(* Let $P$ be an $\omega$-polygraph and $u,v_1,v_2$ cells of the free $\omega$-precategory $P^*$ such that, for some $i$, both composites $u\ast_iv_1$ and $u\ast_iv_2$ are defined and $u\ast_iv_1=u\ast_iv_2$. Then $v_1=v_2$.
   Context: An $\omega$-precategory is an $\omega$-globular set (sets $C_k$ with sources/targets $s_i,t_i\colon C_{i+1}\to C_i$ satisfying globular identities) with identities $1_u$ and compositions $u\ast_iv\in C_{\max(k,l)}$ for $u\in C_k$, $v\in C_l$, $i=\min(k,l)-1$, $t_i(u)=s_i(v)$, satisfying the axioms of strict $\omega$-categories for sources/targets, units, associativity and distributivity of lower-dimensional over higher-dimensional composition, but not the interchange law. An $\omega$-polygraph $P$ consists of sets $P_k$ of $k$-generators with globular sources and targets in the free precategory on the lower-dimensional generators; $P^*$ is the free $\omega$-precategory generated by $P$ (each generator adjoined as a cell from its source to its target). *)

theory Defs
  imports Main
begin

text \<open>
  The free omega-precategory P* on an omega-polygraph P is presented by generators
  and relations: cells are (equivalence classes of) well-formed formal terms built
  from the generators, identities and compositions, modulo the congruence generated
  by the axioms of omega-precategories.  The source/target operations are computed
  structurally on terms, so the source/target axioms hold by construction.
\<close>

datatype 'g pterm = Gen 'g | Idt "'g pterm" | Cmp nat "'g pterm" "'g pterm"

record 'g polygraph =
  gdim :: "'g \<Rightarrow> nat"
  gsrc :: "'g \<Rightarrow> 'g pterm"
  gtgt :: "'g \<Rightarrow> 'g pterm"

fun pdim :: "('g, 'x) polygraph_scheme \<Rightarrow> 'g pterm \<Rightarrow> nat" where
  "pdim P (Gen g) = gdim P g"
| "pdim P (Idt u) = Suc (pdim P u)"
| "pdim P (Cmp i u v) = max (pdim P u) (pdim P v)"

text \<open>Immediate (codimension one) source (b = False) or target (b = True):
  for a cell x of dimension n+1 this is s_n(x) resp. t_n(x).\<close>
fun pbd :: "('g, 'x) polygraph_scheme \<Rightarrow> bool \<Rightarrow> 'g pterm \<Rightarrow> 'g pterm" where
  "pbd P b (Gen g) = (if b then gtgt P g else gsrc P g)"
| "pbd P b (Idt u) = u"
| "pbd P b (Cmp i u v) =
     (if pdim P u = pdim P v then (if b then pbd P b v else pbd P b u)
      else Cmp i (if pdim P u = max (pdim P u) (pdim P v) then pbd P b u else u)
                 (if pdim P v = max (pdim P u) (pdim P v) then pbd P b v else v))"

definition psrc :: "('g, 'x) polygraph_scheme \<Rightarrow> nat \<Rightarrow> 'g pterm \<Rightarrow> 'g pterm" where
  "psrc P j x = (pbd P False ^^ (pdim P x - j)) x"

definition ptgt :: "('g, 'x) polygraph_scheme \<Rightarrow> nat \<Rightarrow> 'g pterm \<Rightarrow> 'g pterm" where
  "ptgt P j x = (pbd P True ^^ (pdim P x - j)) x"

text \<open>pceq P x y: x and y are well-formed terms denoting the same cell of P*.
  Composition u *_i v of a k-cell and an l-cell is only formed for
  i = min k l - 1 and t_i(u) = s_i(v).\<close>
inductive pceq :: "('g, 'x) polygraph_scheme \<Rightarrow> 'g pterm \<Rightarrow> 'g pterm \<Rightarrow> bool"
  for P :: "('g, 'x) polygraph_scheme" where
  gen: "pceq P (Gen g) (Gen g)"
| idt: "pceq P u u' \<Longrightarrow> pceq P (Idt u) (Idt u')"
| cmp: "pceq P u u' \<Longrightarrow> pceq P v v' \<Longrightarrow> 0 < pdim P u \<Longrightarrow> 0 < pdim P v \<Longrightarrow>
        i = min (pdim P u) (pdim P v) - 1 \<Longrightarrow> pceq P (ptgt P i u) (psrc P i v) \<Longrightarrow>
        pceq P (Cmp i u v) (Cmp i u' v')"
| sym: "pceq P x y \<Longrightarrow> pceq P y x"
| trans: "pceq P x y \<Longrightarrow> pceq P y z \<Longrightarrow> pceq P x z"
| unit_l: "pceq P u u \<Longrightarrow> i < pdim P u \<Longrightarrow>
        pceq P (Cmp i (Idt (psrc P i u)) u) (Cmp i (Idt (psrc P i u)) u) \<Longrightarrow>
        pceq P (Cmp i (Idt (psrc P i u)) u) u"
| unit_r: "pceq P u u \<Longrightarrow> i < pdim P u \<Longrightarrow>
        pceq P (Cmp i u (Idt (ptgt P i u))) (Cmp i u (Idt (ptgt P i u))) \<Longrightarrow>
        pceq P (Cmp i u (Idt (ptgt P i u))) u"
| assoc: "pceq P (Cmp i (Cmp i u v) w) (Cmp i (Cmp i u v) w) \<Longrightarrow>
        pceq P (Cmp i u (Cmp i v w)) (Cmp i u (Cmp i v w)) \<Longrightarrow>
        pceq P (Cmp i (Cmp i u v) w) (Cmp i u (Cmp i v w))"
| dist_l: "i < j \<Longrightarrow> pceq P (Cmp i u (Cmp j v w)) (Cmp i u (Cmp j v w)) \<Longrightarrow>
        pceq P (Cmp j (Cmp i u v) (Cmp i u w)) (Cmp j (Cmp i u v) (Cmp i u w)) \<Longrightarrow>
        pceq P (Cmp i u (Cmp j v w)) (Cmp j (Cmp i u v) (Cmp i u w))"
| dist_r: "i < j \<Longrightarrow> pceq P (Cmp i (Cmp j v w) u) (Cmp i (Cmp j v w) u) \<Longrightarrow>
        pceq P (Cmp j (Cmp i v u) (Cmp i w u)) (Cmp j (Cmp i v u) (Cmp i w u)) \<Longrightarrow>
        pceq P (Cmp i (Cmp j v w) u) (Cmp j (Cmp i v u) (Cmp i w u))"
| id_l: "pceq P (Cmp i u (Idt v)) (Cmp i u (Idt v)) \<Longrightarrow>
        pceq P (Idt (Cmp i u v)) (Idt (Cmp i u v)) \<Longrightarrow>
        pceq P (Cmp i u (Idt v)) (Idt (Cmp i u v))"
| id_r: "pceq P (Cmp i (Idt v) u) (Cmp i (Idt v) u) \<Longrightarrow>
        pceq P (Idt (Cmp i v u)) (Idt (Cmp i v u)) \<Longrightarrow>
        pceq P (Cmp i (Idt v) u) (Idt (Cmp i v u))"

definition pcell :: "('g, 'x) polygraph_scheme \<Rightarrow> 'g pterm \<Rightarrow> bool" where
  "pcell P x \<longleftrightarrow> pceq P x x"

text \<open>Polygraph conditions: the source and target of a (k+1)-generator are parallel
  k-cells of the free precategory (on generators of dimension at most k, which is
  automatic for terms of dimension k).\<close>
definition omega_polygraph :: "('g, 'x) polygraph_scheme \<Rightarrow> bool" where
  "omega_polygraph P \<longleftrightarrow>
    (\<forall>g. 0 < gdim P g \<longrightarrow>
       pcell P (gsrc P g) \<and> pcell P (gtgt P g) \<and>
       pdim P (gsrc P g) = gdim P g - 1 \<and> pdim P (gtgt P g) = gdim P g - 1 \<and>
       (2 \<le> gdim P g \<longrightarrow>
          pceq P (psrc P (gdim P g - 2) (gsrc P g)) (psrc P (gdim P g - 2) (gtgt P g)) \<and>
          pceq P (ptgt P (gdim P g - 2) (gsrc P g)) (ptgt P (gdim P g - 2) (gtgt P g))))"

end

theory Submission
  imports Defs
begin

text \<open>
  Cells of \<open>P*\<close> are classified by normal forms.  A normal form of dimension \<open>k > 0\<close>
  is either an identity on a normal form of dimension \<open>k - 1\<close> or a nonempty word of
  whiskered \<open>k\<close>-generators composed in dimension \<open>k - 1\<close>, where a whiskered
  \<open>k\<close>-generator is a \<open>k\<close>-generator composed, at each level \<open>j < k - 1\<close>, on the left
  and on the right with words of whiskered \<open>(j+1)\<close>-generators.  Composition of normal
  forms is concatenation of words in the top dimension and whiskering below it; it is
  associative, unital and distributive, so every rule of \<open>pceq\<close> preserves the normal
  form.  Conversely, reading a normal form back as a term gives a term equivalent to
  the original one.  Both directions go by induction on the dimension, because
  composability depends on lower-dimensional boundaries.  Hence two cells are equal iff
  their normal forms are, and left cancellation reduces to normal forms: concatenation
  of words cancels, whiskering by a fixed word is injective, and an identity factor is
  determined by the composability condition.
\<close>

section \<open>Whiskered generators\<close>

text \<open>\<open>Whisk L W R\<close> stands for \<open>L *\<^sub>d W *\<^sub>d R\<close> with \<open>d = depth W\<close>, the words \<open>L\<close> and
  \<open>R\<close> consisting of whiskered \<open>(d+1)\<close>-generators; the outermost layer is the one composed
  in the highest dimension.  \<open>lwhisk a k\<close> and \<open>rwhisk a k\<close> compose with the word \<open>a\<close> of
  whiskered \<open>k\<close>-generators in dimension \<open>k - 1\<close>, distributing over all layers above \<open>k\<close>.\<close>

datatype 'g whisk = WGen 'g | Whisk "'g whisk list" "'g whisk" "'g whisk list"

fun core :: "'g whisk \<Rightarrow> 'g" where
  "core (WGen g) = g" | "core (Whisk L W R) = core W"
fun depth :: "'g whisk \<Rightarrow> nat" where
  "depth (WGen g) = 0" | "depth (Whisk L W R) = Suc (depth W)"

fun lwhisk :: "'g whisk list \<Rightarrow> nat \<Rightarrow> 'g whisk \<Rightarrow> 'g whisk" where
  "lwhisk a k (WGen g) = WGen g"
| "lwhisk a k (Whisk L W R) = (if Suc (depth W) = k then Whisk (a @ L) W R
      else if k < Suc (depth W) then Whisk (map (lwhisk a k) L) (lwhisk a k W) (map (lwhisk a k) R)
      else Whisk L W R)"

fun rwhisk :: "'g whisk list \<Rightarrow> nat \<Rightarrow> 'g whisk \<Rightarrow> 'g whisk" where
  "rwhisk b k (WGen g) = WGen g"
| "rwhisk b k (Whisk L W R) = (if Suc (depth W) = k then Whisk L W (R @ b)
      else if k < Suc (depth W) then Whisk (map (rwhisk b k) L) (rwhisk b k W) (map (rwhisk b k) R)
      else Whisk L W R)"

fun pad :: "nat \<Rightarrow> 'g whisk \<Rightarrow> 'g whisk" where
  "pad 0 w = w" | "pad (Suc m) w = Whisk [] (pad m w) []"

lemma lwhisk_Nil[simp]: "lwhisk [] k = (\<lambda>w. w)"
proof
  show "lwhisk [] k w = w" for w by (induction w) (auto intro: map_idI)
qed
lemma rwhisk_Nil[simp]: "rwhisk [] k = (\<lambda>w. w)"
proof
  show "rwhisk [] k w = w" for w by (induction w) (auto intro: map_idI)
qed
lemma depth_lwhisk[simp]: "depth (lwhisk a k w) = depth w"
  by (induction w) auto
lemma depth_rwhisk[simp]: "depth (rwhisk a k w) = depth w"
  by (induction w) auto
lemma core_lwhisk[simp]: "core (lwhisk a k w) = core w"
  by (induction w) auto
lemma core_rwhisk[simp]: "core (rwhisk a k w) = core w"
  by (induction w) auto

lemma lwhisk_app: "lwhisk a k (lwhisk b k w) = lwhisk (a @ b) k w"
  by (induction w) auto
lemma rwhisk_app: "rwhisk b k (rwhisk a k w) = rwhisk (a @ b) k w"
  by (induction w) auto
lemma lwhisk_rwhisk_same: "lwhisk a k (rwhisk b k w) = rwhisk b k (lwhisk a k w)"
  by (induction w) auto

lemma lwhisk_lwhisk: "m < d \<Longrightarrow> lwhisk a m (lwhisk b d w) = lwhisk (map (lwhisk a m) b) d (lwhisk a m w)"
  by (induction w) auto
lemma lwhisk_rwhisk: "m < d \<Longrightarrow> lwhisk a m (rwhisk b d w) = rwhisk (map (lwhisk a m) b) d (lwhisk a m w)"
  by (induction w) auto
lemma rwhisk_lwhisk: "m < d \<Longrightarrow> rwhisk a m (lwhisk b d w) = lwhisk (map (rwhisk a m) b) d (rwhisk a m w)"
  by (induction w) auto
lemma rwhisk_rwhisk: "m < d \<Longrightarrow> rwhisk a m (rwhisk b d w) = rwhisk (map (rwhisk a m) b) d (rwhisk a m w)"
  by (induction w) auto

lemma depth_pad[simp]: "depth (pad m w) = m + depth w"
  by (induction m) auto
lemma core_pad[simp]: "core (pad m w) = core w"
  by (induction m) auto
lemma pad_Suc_inner: "pad (Suc m) w = pad m (Whisk [] w [])"
  by (induction m) auto
lemma rwhisk_pad: "k \<le> depth X \<Longrightarrow> rwhisk R k (pad m X) = pad m (rwhisk R k X)"
  by (induction m) auto
lemma lwhisk_pad: "k \<le> depth X \<Longrightarrow> lwhisk L k (pad m X) = pad m (lwhisk L k X)"
  by (induction m) auto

Instructions to follow:
Out of the data above, set down the lines from the one with "and on the right" to the one with "forms is concatenation", both included, exactly as written and with no additions.

Expected answer:
  and on the right with words of whiskered \<open>(j+1)\<close>-generators.  Composition of normal
  forms is concatenation of words in the top dimension and whiskering below it; it is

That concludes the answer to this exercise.